Give back every record that follows, exactly as written.

Saved entries
»»
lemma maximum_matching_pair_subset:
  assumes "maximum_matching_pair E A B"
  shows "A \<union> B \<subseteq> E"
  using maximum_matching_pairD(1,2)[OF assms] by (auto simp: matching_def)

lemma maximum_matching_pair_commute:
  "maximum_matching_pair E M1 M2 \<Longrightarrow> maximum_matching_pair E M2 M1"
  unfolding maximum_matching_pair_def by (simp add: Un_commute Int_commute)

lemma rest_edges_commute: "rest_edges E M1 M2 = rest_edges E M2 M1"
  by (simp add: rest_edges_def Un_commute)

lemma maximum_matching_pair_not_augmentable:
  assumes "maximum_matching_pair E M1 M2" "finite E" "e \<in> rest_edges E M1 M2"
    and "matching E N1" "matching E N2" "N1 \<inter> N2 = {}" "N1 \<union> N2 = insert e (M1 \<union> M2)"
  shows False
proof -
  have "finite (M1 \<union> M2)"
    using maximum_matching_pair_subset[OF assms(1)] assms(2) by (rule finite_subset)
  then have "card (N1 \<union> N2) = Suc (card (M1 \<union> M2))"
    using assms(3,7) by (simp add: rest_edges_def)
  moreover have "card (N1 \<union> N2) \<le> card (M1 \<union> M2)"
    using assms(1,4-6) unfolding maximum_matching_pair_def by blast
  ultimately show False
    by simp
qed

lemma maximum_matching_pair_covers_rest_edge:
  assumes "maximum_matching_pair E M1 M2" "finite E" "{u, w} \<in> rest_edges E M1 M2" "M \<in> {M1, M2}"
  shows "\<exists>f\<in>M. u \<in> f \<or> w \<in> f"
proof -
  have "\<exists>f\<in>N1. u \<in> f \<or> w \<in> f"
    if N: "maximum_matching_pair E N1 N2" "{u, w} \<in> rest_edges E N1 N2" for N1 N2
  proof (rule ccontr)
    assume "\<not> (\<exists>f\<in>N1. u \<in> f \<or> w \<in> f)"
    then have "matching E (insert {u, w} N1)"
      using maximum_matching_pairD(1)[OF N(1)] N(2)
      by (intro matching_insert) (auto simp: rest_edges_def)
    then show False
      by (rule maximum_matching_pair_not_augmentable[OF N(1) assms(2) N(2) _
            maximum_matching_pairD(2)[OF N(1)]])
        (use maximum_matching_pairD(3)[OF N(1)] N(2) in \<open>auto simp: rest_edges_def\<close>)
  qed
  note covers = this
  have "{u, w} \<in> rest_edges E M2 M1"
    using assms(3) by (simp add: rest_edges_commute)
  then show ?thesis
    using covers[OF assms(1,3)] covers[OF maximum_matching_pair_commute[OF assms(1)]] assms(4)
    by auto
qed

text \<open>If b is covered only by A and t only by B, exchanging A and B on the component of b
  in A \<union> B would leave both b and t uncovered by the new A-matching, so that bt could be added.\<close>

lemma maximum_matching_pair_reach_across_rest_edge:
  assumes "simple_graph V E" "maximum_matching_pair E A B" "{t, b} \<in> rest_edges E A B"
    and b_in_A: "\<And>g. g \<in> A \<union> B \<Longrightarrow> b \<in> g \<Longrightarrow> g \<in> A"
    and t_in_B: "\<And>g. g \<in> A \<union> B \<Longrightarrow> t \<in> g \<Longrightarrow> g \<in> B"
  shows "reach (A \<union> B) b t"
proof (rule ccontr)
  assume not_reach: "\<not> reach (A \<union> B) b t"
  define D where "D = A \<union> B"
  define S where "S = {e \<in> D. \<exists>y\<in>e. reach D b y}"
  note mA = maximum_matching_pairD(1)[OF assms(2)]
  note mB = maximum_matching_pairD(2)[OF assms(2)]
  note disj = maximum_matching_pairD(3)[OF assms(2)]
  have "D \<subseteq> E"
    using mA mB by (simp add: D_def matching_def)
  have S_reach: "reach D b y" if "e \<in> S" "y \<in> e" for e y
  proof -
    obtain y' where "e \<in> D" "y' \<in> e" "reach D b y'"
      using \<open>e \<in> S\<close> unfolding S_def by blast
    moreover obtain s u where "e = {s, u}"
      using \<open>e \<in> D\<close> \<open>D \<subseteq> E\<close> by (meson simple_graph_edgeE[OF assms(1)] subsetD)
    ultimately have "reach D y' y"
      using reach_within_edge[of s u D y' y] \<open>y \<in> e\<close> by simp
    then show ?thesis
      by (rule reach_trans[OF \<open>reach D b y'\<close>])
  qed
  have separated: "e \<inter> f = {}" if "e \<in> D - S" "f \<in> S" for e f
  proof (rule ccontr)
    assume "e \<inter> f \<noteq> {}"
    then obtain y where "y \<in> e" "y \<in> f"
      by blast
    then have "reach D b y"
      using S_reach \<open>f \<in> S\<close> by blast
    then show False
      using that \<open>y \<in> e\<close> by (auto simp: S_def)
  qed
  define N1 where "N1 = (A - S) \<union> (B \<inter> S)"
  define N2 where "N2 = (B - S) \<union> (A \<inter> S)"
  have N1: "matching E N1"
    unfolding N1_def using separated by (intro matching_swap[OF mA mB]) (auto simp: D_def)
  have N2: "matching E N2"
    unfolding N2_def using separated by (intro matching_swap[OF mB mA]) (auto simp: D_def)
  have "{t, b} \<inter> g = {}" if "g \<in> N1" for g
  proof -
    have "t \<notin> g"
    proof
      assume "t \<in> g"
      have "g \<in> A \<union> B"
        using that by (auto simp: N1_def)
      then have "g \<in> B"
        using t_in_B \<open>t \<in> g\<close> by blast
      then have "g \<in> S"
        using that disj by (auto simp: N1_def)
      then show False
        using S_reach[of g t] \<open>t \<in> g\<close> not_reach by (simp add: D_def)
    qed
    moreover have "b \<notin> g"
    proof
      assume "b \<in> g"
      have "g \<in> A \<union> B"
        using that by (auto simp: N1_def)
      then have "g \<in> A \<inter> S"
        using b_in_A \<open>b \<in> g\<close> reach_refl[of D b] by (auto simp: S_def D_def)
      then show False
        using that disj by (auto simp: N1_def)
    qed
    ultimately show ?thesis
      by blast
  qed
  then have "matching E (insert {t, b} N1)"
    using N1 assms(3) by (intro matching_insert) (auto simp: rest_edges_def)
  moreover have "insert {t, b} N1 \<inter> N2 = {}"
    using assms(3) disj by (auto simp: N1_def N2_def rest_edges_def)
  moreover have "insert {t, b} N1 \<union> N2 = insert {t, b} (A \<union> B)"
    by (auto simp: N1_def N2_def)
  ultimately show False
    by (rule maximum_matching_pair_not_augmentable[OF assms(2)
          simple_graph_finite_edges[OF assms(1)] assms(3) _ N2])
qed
««
→ RESULT OF THE EXERCISE
lemma maximum_matching_pair_subset:
  assumes "maximum_matching_pair E A B"
  shows "A \<union> B \<subseteq> E"
  using maximum_matching_pairD(1,2)[OF assms] by (auto simp: matching_def)

lemma maximum_matching_pair_commute:
  "maximum_matching_pair E M1 M2 \<Longrightarrow> maximum_matching_pair E M2 M1"
  unfolding maximum_matching_pair_def by (simp add: Un_commute Int_commute)

lemma rest_edges_commute: "rest_edges E M1 M2 = rest_edges E M2 M1"
  by (simp add: rest_edges_def Un_commute)

lemma maximum_matching_pair_not_augmentable:
  assumes "maximum_matching_pair E M1 M2" "finite E" "e \<in> rest_edges E M1 M2"
    and "matching E N1" "matching E N2" "N1 \<inter> N2 = {}" "N1 \<union> N2 = insert e (M1 \<union> M2)"
  shows False
proof -
  have "finite (M1 \<union> M2)"
    using maximum_matching_pair_subset[OF assms(1)] assms(2) by (rule finite_subset)
  then have "card (N1 \<union> N2) = Suc (card (M1 \<union> M2))"
    using assms(3,7) by (simp add: rest_edges_def)
  moreover have "card (N1 \<union> N2) \<le> card (M1 \<union> M2)"
    using assms(1,4-6) unfolding maximum_matching_pair_def by blast
  ultimately show False
    by simp
qed

lemma maximum_matching_pair_covers_rest_edge:
  assumes "maximum_matching_pair E M1 M2" "finite E" "{u, w} \<in> rest_edges E M1 M2" "M \<in> {M1, M2}"
  shows "\<exists>f\<in>M. u \<in> f \<or> w \<in> f"
proof -
  have "\<exists>f\<in>N1. u \<in> f \<or> w \<in> f"
    if N: "maximum_matching_pair E N1 N2" "{u, w} \<in> rest_edges E N1 N2" for N1 N2
  proof (rule ccontr)
    assume "\<not> (\<exists>f\<in>N1. u \<in> f \<or> w \<in> f)"
    then have "matching E (insert {u, w} N1)"
      using maximum_matching_pairD(1)[OF N(1)] N(2)
      by (intro matching_insert) (auto simp: rest_edges_def)
    then show False
      by (rule maximum_matching_pair_not_augmentable[OF N(1) assms(2) N(2) _
            maximum_matching_pairD(2)[OF N(1)]])
        (use maximum_matching_pairD(3)[OF N(1)] N(2) in \<open>auto simp: rest_edges_def\<close>)
  qed
  note covers = this
  have "{u, w} \<in> rest_edges E M2 M1"
    using assms(3) by (simp add: rest_edges_commute)
  then show ?thesis
    using covers[OF assms(1,3)] covers[OF maximum_matching_pair_commute[OF assms(1)]] assms(4)
    by auto
qed

text \<open>If b is covered only by A and t only by B, exchanging A and B on the component of b
  in A \<union> B would leave both b and t uncovered by the new A-matching, so that bt could be added.\<close>

lemma maximum_matching_pair_reach_across_rest_edge:
  assumes "simple_graph V E" "maximum_matching_pair E A B" "{t, b} \<in> rest_edges E A B"
    and b_in_A: "\<And>g. g \<in> A \<union> B \<Longrightarrow> b \<in> g \<Longrightarrow> g \<in> A"
    and t_in_B: "\<And>g. g \<in> A \<union> B \<Longrightarrow> t \<in> g \<Longrightarrow> g \<in> B"
  shows "reach (A \<union> B) b t"
proof (rule ccontr)
  assume not_reach: "\<not> reach (A \<union> B) b t"
  define D where "D = A \<union> B"
  define S where "S = {e \<in> D. \<exists>y\<in>e. reach D b y}"
  note mA = maximum_matching_pairD(1)[OF assms(2)]
  note mB = maximum_matching_pairD(2)[OF assms(2)]
  note disj = maximum_matching_pairD(3)[OF assms(2)]
  have "D \<subseteq> E"
    using mA mB by (simp add: D_def matching_def)
  have S_reach: "reach D b y" if "e \<in> S" "y \<in> e" for e y
  proof -
    obtain y' where "e \<in> D" "y' \<in> e" "reach D b y'"
      using \<open>e \<in> S\<close> unfolding S_def by blast
    moreover obtain s u where "e = {s, u}"
      using \<open>e \<in> D\<close> \<open>D \<subseteq> E\<close> by (meson simple_graph_edgeE[OF assms(1)] subsetD)
    ultimately have "reach D y' y"
      using reach_within_edge[of s u D y' y] \<open>y \<in> e\<close> by simp
    then show ?thesis
      by (rule reach_trans[OF \<open>reach D b y'\<close>])
  qed
  have separated: "e \<inter> f = {}" if "e \<in> D - S" "f \<in> S" for e f
  proof (rule ccontr)
    assume "e \<inter> f \<noteq> {}"
    then obtain y where "y \<in> e" "y \<in> f"
      by blast
    then have "reach D b y"
      using S_reach \<open>f \<in> S\<close> by blast
    then show False
      using that \<open>y \<in> e\<close> by (auto simp: S_def)
  qed
  define N1 where "N1 = (A - S) \<union> (B \<inter> S)"
  define N2 where "N2 = (B - S) \<union> (A \<inter> S)"
  have N1: "matching E N1"
    unfolding N1_def using separated by (intro matching_swap[OF mA mB]) (auto simp: D_def)
  have N2: "matching E N2"
    unfolding N2_def using separated by (intro matching_swap[OF mB mA]) (auto simp: D_def)
  have "{t, b} \<inter> g = {}" if "g \<in> N1" for g
  proof -
    have "t \<notin> g"
    proof
      assume "t \<in> g"
      have "g \<in> A \<union> B"
        using that by (auto simp: N1_def)
      then have "g \<in> B"
        using t_in_B \<open>t \<in> g\<close> by blast
      then have "g \<in> S"
        using that disj by (auto simp: N1_def)
      then show False
        using S_reach[of g t] \<open>t \<in> g\<close> not_reach by (simp add: D_def)
    qed
    moreover have "b \<notin> g"
    proof
      assume "b \<in> g"
      have "g \<in> A \<union> B"
        using that by (auto simp: N1_def)
      then have "g \<in> A \<inter> S"
        using b_in_A \<open>b \<in> g\<close> reach_refl[of D b] by (auto simp: S_def D_def)
      then show False
        using that disj by (auto simp: N1_def)
    qed
    ultimately show ?thesis
      by blast
  qed
  then have "matching E (insert {t, b} N1)"
    using N1 assms(3) by (intro matching_insert) (auto simp: rest_edges_def)
  moreover have "insert {t, b} N1 \<inter> N2 = {}"
    using assms(3) disj by (auto simp: N1_def N2_def rest_edges_def)
  moreover have "insert {t, b} N1 \<union> N2 = insert {t, b} (A \<union> B)"
    by (auto simp: N1_def N2_def)
  ultimately show False
    by (rule maximum_matching_pair_not_augmentable[OF assms(2)
          simple_graph_finite_edges[OF assms(1)] assms(3) _ N2])
qed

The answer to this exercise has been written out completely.